(* Let $D$ be a discrete semigroup such that for some $c\in D$ the set $D_c=\{(x,y)\in D\times D:xy=c\}$ is infinite, and let $\pi:D\to M$ be a homomorphism into a Hausdorff topological semigroup $M$. If $S=D\cup_\pi M$ is a topological semigroup, then $D_c$ is an open-and-closed discrete subspace of $S\times S$, and consequently $S\times S$ is not pseudocompact.
   Context: For a discrete space $D$: if $D$ is infinite, $\alpha D=D\cup\{\infty\}$ is its one-point compactification; if $D$ is finite, $\alpha D$ is the topological sum of $D$ and an isolated point $\infty\notin D$. For a map $\pi:D\to M$, $D\cup_\pi M$ is the subspace $\{(x,\pi(x)):x\in D\}\cup(\{\infty\}\times M)$ of $\alpha D\times M$, with $D$ identified with $\{(x,\pi(x))\}$ and $M$ with $\{\infty\}\times M$. It carries the semigroup operation extending those of $D$ and $M$ by $xy=\pi(x)y$ for $x\in D,y\in M$ and $xy=x\pi(y)$ for $x\in M,y\in D$. A space is pseudocompact if every locally finite open cover is finite. *)

theory Defs
  imports "HOL-Analysis.Analysis"
begin

text \<open>The space alpha D for a discrete space D (a set of type 'd), realised on 'd option,
  where None plays the role of the point infinity and Some x the point x of D.\<close>

definition alpha_open :: "'d set \<Rightarrow> 'd option set \<Rightarrow> bool" where
  "alpha_open D U \<longleftrightarrow> U \<subseteq> insert None (Some ` D) \<and> (None \<in> U \<longrightarrow> finite (Some ` D - U))"

lemma istopology_alpha_open: "istopology (alpha_open D)"
  unfolding istopology_def alpha_open_def
proof (rule conjI; (intro allI impI)?)
  fix S T assume a: "S \<subseteq> insert None (Some ` D) \<and> (None \<in> S \<longrightarrow> finite (Some ` D - S))"
    "T \<subseteq> insert None (Some ` D) \<and> (None \<in> T \<longrightarrow> finite (Some ` D - T))"
  show "S \<inter> T \<subseteq> insert None (Some ` D) \<and> (None \<in> S \<inter> T \<longrightarrow> finite (Some ` D - S \<inter> T))"
  proof (intro conjI impI)
    show "S \<inter> T \<subseteq> insert None (Some ` D)" using a by blast
  next
    assume "None \<in> S \<inter> T"
    then have "finite ((Some ` D - S) \<union> (Some ` D - T))" using a by auto
    moreover have "Some ` D - S \<inter> T = (Some ` D - S) \<union> (Some ` D - T)" by blast
    ultimately show "finite (Some ` D - S \<inter> T)" by simp
  qed
next
  fix K assume a: "\<forall>S\<in>K. S \<subseteq> insert None (Some ` D) \<and> (None \<in> S \<longrightarrow> finite (Some ` D - S))"
  show "\<Union> K \<subseteq> insert None (Some ` D) \<and> (None \<in> \<Union> K \<longrightarrow> finite (Some ` D - \<Union> K))"
  proof (intro conjI impI)
    show "\<Union> K \<subseteq> insert None (Some ` D)" using a by blast
  next
    assume "None \<in> \<Union> K"
    then obtain S where "S \<in> K" "None \<in> S" by blast
    then have "finite (Some ` D - S)" using a by blast
    moreover have "Some ` D - \<Union> K \<subseteq> Some ` D - S" using \<open>S \<in> K\<close> by blast
    ultimately show "finite (Some ` D - \<Union> K)" by (rule finite_subset[rotated])
  qed
qed

text \<open>alpha D: one-point compactification of the discrete space D if D is infinite,
  the topological sum of the discrete D and an isolated point if D is finite.\<close>
definition alphaD :: "'d set \<Rightarrow> 'd option topology" where
  "alphaD D = (if infinite D then topology (alpha_open D)
               else discrete_topology (insert None (Some ` D)))"

text \<open>Carrier of the space D \<union>_pi M inside alpha D \<times> M.\<close>
definition glued_carrier :: "'d set \<Rightarrow> ('d \<Rightarrow> 'm) \<Rightarrow> 'm topology \<Rightarrow> ('d option \<times> 'm) set" where
  "glued_carrier D \<pi> M = {(Some x, \<pi> x) | x. x \<in> D} \<union> ({None} \<times> topspace M)"

definition glued_topology :: "'d set \<Rightarrow> ('d \<Rightarrow> 'm) \<Rightarrow> 'm topology \<Rightarrow> ('d option \<times> 'm) topology" where
  "glued_topology D \<pi> M = subtopology (prod_topology (alphaD D) M) (glued_carrier D \<pi> M)"

fun glued_mult :: "('d \<Rightarrow> 'd \<Rightarrow> 'd) \<Rightarrow> ('m \<Rightarrow> 'm \<Rightarrow> 'm) \<Rightarrow> ('d \<Rightarrow> 'm)
     \<Rightarrow> ('d option \<times> 'm) \<Rightarrow> ('d option \<times> 'm) \<Rightarrow> ('d option \<times> 'm)" where
  "glued_mult mD mM \<pi> (Some x, _) (Some y, _) = (Some (mD x y), \<pi> (mD x y))"
| "glued_mult mD mM \<pi> (Some x, _) (None, q) = (None, mM (\<pi> x) q)"
| "glued_mult mD mM \<pi> (None, p) (Some y, _) = (None, mM p (\<pi> y))"
| "glued_mult mD mM \<pi> (None, p) (None, q) = (None, mM p q)"

definition pseudocompact_space :: "'a topology \<Rightarrow> bool" where
  "pseudocompact_space X \<longleftrightarrow>
     (\<forall>\<U>. (\<forall>U\<in>\<U>. openin X U) \<and> \<Union>\<U> = topspace X \<and> locally_finite_in X \<U> \<longrightarrow> finite \<U>)"

end

theory Submission
  imports Defs
begin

##########

* [ABOUT THIS EXERCISE]:
Starting with the line that holds "the topological sum of the" and ending with the line that holds "then topology (alpha_open D)", retype every line in the data above exactly, and nothing else.

* [PROBLEM SOLUTION]:
  the topological sum of the discrete D and an isolated point if D is finite.\<close>
definition alphaD :: "'d set \<Rightarrow> 'd option topology" where
  "alphaD D = (if infinite D then topology (alpha_open D)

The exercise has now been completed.